AIM OF THE EXERCISE:
Find the line in the entries below that contains "then obtain m". Repeat it exactly, and every line after it through the line that contains "Q m = rank Q".

DATA EXTRACTS:
*-*-*
definition downset :: "'a::order set \<Rightarrow> 'a \<Rightarrow> 'a set" where
  "downset P x = {y\<in>P. y \<le> x}"

definition is_lub :: "'a::order set \<Rightarrow> 'a set \<Rightarrow> 'a \<Rightarrow> bool" where
  "is_lub L S z \<longleftrightarrow> z \<in> L \<and> (\<forall>s\<in>S. s \<le> z) \<and> (\<forall>w\<in>L. (\<forall>s\<in>S. s \<le> w) \<longrightarrow> z \<le> w)"

definition is_glb :: "'a::order set \<Rightarrow> 'a set \<Rightarrow> 'a \<Rightarrow> bool" where
  "is_glb L S z \<longleftrightarrow> z \<in> L \<and> (\<forall>s\<in>S. z \<le> s) \<and> (\<forall>w\<in>L. (\<forall>s\<in>S. w \<le> s) \<longrightarrow> w \<le> z)"

definition is_lattice :: "'a::order set \<Rightarrow> bool" where
  "is_lattice L \<longleftrightarrow> (\<forall>x\<in>L. \<forall>y\<in>L. (\<exists>z. is_lub L {x, y} z) \<and> (\<exists>z. is_glb L {x, y} z))"

definition ljoin :: "'a::order set \<Rightarrow> 'a \<Rightarrow> 'a \<Rightarrow> 'a" where
  "ljoin L x y = (THE z. is_lub L {x, y} z)"

definition lmeet :: "'a::order set \<Rightarrow> 'a \<Rightarrow> 'a \<Rightarrow> 'a" where
  "lmeet L x y = (THE z. is_glb L {x, y} z)"

definition geometric_lattice :: "'a::order set \<Rightarrow> bool" where
  "geometric_lattice L \<longleftrightarrow> is_lattice L \<and>
     (\<forall>x\<in>L. \<forall>y\<in>L. covers L x y \<longleftrightarrow> (\<exists>a\<in>atoms L. \<not> a \<le> x \<and> y = ljoin L x a))"

definition locally_geometric :: "'a::order set \<Rightarrow> bool" where
  "locally_geometric P \<longleftrightarrow> ranked_poset P \<and> (\<forall>x\<in>P. geometric_lattice (downset P x))"

definition modular_elem :: "'a::order set \<Rightarrow> 'a \<Rightarrow> bool" where
  "modular_elem L x \<longleftrightarrow> x \<in> L \<and>
     (\<forall>y\<in>L. \<forall>z\<in>L. z \<le> x \<longrightarrow> lmeet L x (ljoin L y z) = ljoin L (lmeet L x y) z)"

definition order_ideal :: "'a::order set \<Rightarrow> 'a set \<Rightarrow> bool" where
  "order_ideal P Q \<longleftrightarrow> Q \<subseteq> P \<and> (\<forall>x\<in>Q. \<forall>y\<in>P. y \<le> x \<longrightarrow> y \<in> Q)"

definition pure :: "'a::order set \<Rightarrow> 'a set \<Rightarrow> bool" where
  "pure P Q \<longleftrightarrow> (\<forall>x\<in>maximal_elems Q. \<forall>y\<in>maximal_elems Q. rank P x = rank P y)"

definition join_closed :: "'a::order set \<Rightarrow> 'a set \<Rightarrow> bool" where
  "join_closed P Q \<longleftrightarrow> (\<forall>T. T \<subseteq> Q \<longrightarrow> mub P T \<subseteq> Q)"

definition M_ideal :: "'a::order set \<Rightarrow> 'a set \<Rightarrow> bool" where
  "M_ideal P Q \<longleftrightarrow> order_ideal P Q \<and> pure P Q \<and> join_closed P Q \<and>
     (\<forall>y\<in>Q. \<forall>a\<in>atoms P - atoms Q. card (mub P {a, y}) \<ge> 1) \<and>
     (\<forall>x\<in>maximal_elems P. \<exists>y\<in>maximal_elems Q. modular_elem (downset P x) y)"

end

theory Submission
  imports Defs
begin

text \<open>Let x be a maximal element of P and y a maximal element of Q below it, as provided by
  the M-ideal axioms. If x lies in Q, then condition (1) forces every atom of P below x, hence
  into Q; since in a locally geometric poset every element is the join of an atom and an element
  it covers, join-closedness gives Q = P, and rk Q = rk P - 1 leaves only rk P = 0. Otherwise
  y < x, so rk P - 1 = rk Q = rk y < rk x \<le> rk P by purity of Q, i.e. rk x = rk P.\<close>

lemma rank_downset:
  "rank P x = Max {card C | C. C \<subseteq> downset P x \<and> Complete_Partial_Order.chain (\<le>) C} - 1"
  by (simp add: rank_def downset_def)

lemma rank_cong:
  assumes "downset A x = downset B x"
  shows "rank A x = rank B x"
  using assms by (simp add: rank_downset)

lemma finite_chain_cards:
  assumes "finite P"
  shows "finite {card C | C. C \<subseteq> downset P x \<and> Complete_Partial_Order.chain (\<le>) C}"
proof (rule finite_subset)
  show "{card C | C. C \<subseteq> downset P x \<and> Complete_Partial_Order.chain (\<le>) C} \<subseteq> card ` Pow P"
    by (auto simp: downset_def)
qed (use assms in simp)

lemma chain_card_le_rank:
  assumes "finite P" "C \<subseteq> downset P x" "Complete_Partial_Order.chain (\<le>) C"
  shows "card C \<le> rank P x + 1"
proof -
  have "card C \<le> Max {card C | C. C \<subseteq> downset P x \<and> Complete_Partial_Order.chain (\<le>) C}"
    using assms by (intro Max_ge finite_chain_cards) auto
  then show ?thesis by (simp add: rank_downset)
qed

lemma rank_chain_witness:
  assumes "finite P" "x \<in> P"
  obtains C where "C \<subseteq> downset P x" "Complete_Partial_Order.chain (\<le>) C"
    "card C = rank P x + 1"
proof -
  let ?S = "{card C | C. C \<subseteq> downset P x \<and> Complete_Partial_Order.chain (\<le>) C}"
  have "{x} \<subseteq> downset P x" "Complete_Partial_Order.chain (\<le>) {x}"
    using assms(2) by (auto simp: downset_def chain_def)
  then have "card {x} \<in> ?S"
    by blast
  then have "?S \<noteq> {}" and "1 \<le> Max ?S"
    using finite_chain_cards[OF assms(1)] by (auto intro: Max_ge)
  moreover have "Max ?S \<in> ?S"
    using \<open>?S \<noteq> {}\<close> finite_chain_cards[OF assms(1)] by (rule Max_in[rotated])
  ultimately show ?thesis
    using that by (auto simp: rank_downset)
qed

lemma rank_mono:
  assumes "finite P" "y \<in> P" "y \<le> x"
  shows "rank P y \<le> rank P x"
proof -
  obtain C where C: "C \<subseteq> downset P y" "Complete_Partial_Order.chain (\<le>) C"
    "card C = rank P y + 1"
    using rank_chain_witness assms(1,2) by blast
  have "C \<subseteq> downset P x"
    using C(1) assms(3) by (auto simp: downset_def)
  then show ?thesis
    using chain_card_le_rank[OF assms(1) _ C(2)] C(3) by fastforce
qed

lemma rank_less:
  assumes "finite P" "y \<in> P" "x \<in> P" "y < x"
  shows "rank P y < rank P x"
proof -
  obtain C where C: "C \<subseteq> downset P y" "Complete_Partial_Order.chain (\<le>) C"
    "card C = rank P y + 1"
    using rank_chain_witness assms(1,2) by blast
  have below: "\<forall>c\<in>C. c < x"
    using C(1) assms(4) by (auto simp: downset_def)
  have "insert x C \<subseteq> downset P x"
    using below assms(3) C(1) by (auto simp: downset_def)
  moreover have "Complete_Partial_Order.chain (\<le>) (insert x C)"
    using C(2) below by (auto simp: chain_def)
  ultimately have "card (insert x C) \<le> rank P x + 1"
    by (rule chain_card_le_rank[OF assms(1)])
  moreover have "finite C" "x \<notin> C"
    using C(1) assms(1) below by (auto simp: downset_def intro: finite_subset)
  ultimately show ?thesis
    using C(3) by simp
qed

lemma rank_le_poset_rank:
  assumes "finite P" "x \<in> P"
  shows "rank P x \<le> poset_rank P"
  using assms by (simp add: poset_rank_def)

lemma rank_order_ideal:
  assumes "order_ideal P Q" "q \<in> Q"
  shows "rank Q q = rank P q"
  using assms by (intro rank_cong) (auto simp: order_ideal_def downset_def)

lemma poset_rank_pure_ideal:
  assumes "finite P" "order_ideal P Q" "pure P Q" "y \<in> maximal_elems Q"
  shows "poset_rank Q = rank P y"
proof -
  have "finite Q"
    using assms(1,2) finite_subset by (auto simp: order_ideal_def)
  have "y \<in> Q"
    using assms(4) by (simp add: maximal_elems_def)
  have "poset_rank Q \<in> rank Q ` Q"
    unfolding poset_rank_def using \<open>finite Q\<close> \<open>y \<in> Q\<close> by (intro Max_in) auto
  then obtain q where q: "q \<in> Q" "rank Q q = poset_rank Q"
    by auto
  then obtain m where m: "m \<in> Q" "q \<le> m" "\<forall>b\<in>Q. m \<le> b \<longrightarrow> m = b"
    using finite_has_maximal2[OF \<open>finite Q\<close>] by blast
  have "m \<in> maximal_elems Q"
    using m by (auto simp: maximal_elems_def less_le)
  then have "rank P m = rank P y"
    using assms(3,4) unfolding pure_def by blast
  then have "rank Q m = rank Q y"
    using rank_order_ideal[OF assms(2)] m(1) \<open>y \<in> Q\<close> by simp
  moreover have "rank Q q \<le> rank Q m"
    using rank_mono[OF \<open>finite Q\<close> q(1) m(2)] .
  moreover have "rank Q y \<le> poset_rank Q"
    using rank_le_poset_rank[OF \<open>finite Q\<close> \<open>y \<in> Q\<close>] .
  ultimately have "poset_rank Q = rank Q y"
    using q(2) by simp
  also have "\<dots> = rank P y"
    using rank_order_ideal[OF assms(2) \<open>y \<in> Q\<close>] .
  finally show ?thesis .
qed

lemma ljoin_is_lub:
  assumes "is_lattice L" "x \<in> L" "y \<in> L"
  shows "is_lub L {x, y} (ljoin L x y)"
proof -
  obtain z where z: "is_lub L {x, y} z"
    using assms by (auto simp: is_lattice_def)
  have "\<And>z'. is_lub L {x, y} z' \<Longrightarrow> z' = z"
    using z by (auto simp: is_lub_def intro: order.antisym)
  then have "ljoin L x y = z"
    unfolding ljoin_def using z by (rule the_equality[rotated])
  then show ?thesis
    using z by simp
qed

lemma lub_downset_in_mub:
  assumes "is_lub (downset P v) S v"
  shows "v \<in> mub P S"
  using assms by (fastforce simp: is_lub_def mub_def downset_def)

lemma atoms_downset_subset: "atoms (downset P v) \<subseteq> atoms P"
proof
  fix a
  assume a: "a \<in> atoms (downset P v)"
  then have "a \<in> P" "a \<le> v"
    by (auto simp: atoms_def downset_def)
  then have "downset (downset P v) a = downset P a"
    by (auto simp: downset_def)
  then have "rank (downset P v) a = rank P a"
    by (rule rank_cong)
  with a \<open>a \<in> P\<close> show "a \<in> atoms P"
    by (simp add: atoms_def)
qed

lemma join_closedD:
  assumes "join_closed P Q" "T \<subseteq> Q"
  shows "mub P T \<subseteq> Q"
  using assms by (simp add: join_closed_def)

lemma exists_lower_cover_downset:
  assumes "finite P" "v \<in> P" "u0 \<in> P" "u0 < v"
  obtains u where "u \<in> P" "covers (downset P v) u v"
proof -
  have "finite {u\<in>P. u < v}" "u0 \<in> {u\<in>P. u < v}"
    using assms by auto
  then obtain u where u: "u \<in> {u\<in>P. u < v}"
    and umax: "\<forall>w\<in>{u\<in>P. u < v}. u \<le> w \<longrightarrow> u = w"
    by (blast dest: finite_has_maximal2)
  have "covers (downset P v) u v"
    using u umax assms(2) by (auto simp: covers_def downset_def)
  with u show ?thesis
    using that by blast
qed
*-*-*
TASK OUTPUT:
  then obtain m where m: "m \<in> Q" "q \<le> m" "\<forall>b\<in>Q. m \<le> b \<longrightarrow> m = b"
    using finite_has_maximal2[OF \<open>finite Q\<close>] by blast
  have "m \<in> maximal_elems Q"
    using m by (auto simp: maximal_elems_def less_le)
  then have "rank P m = rank P y"
    using assms(3,4) unfolding pure_def by blast
  then have "rank Q m = rank Q y"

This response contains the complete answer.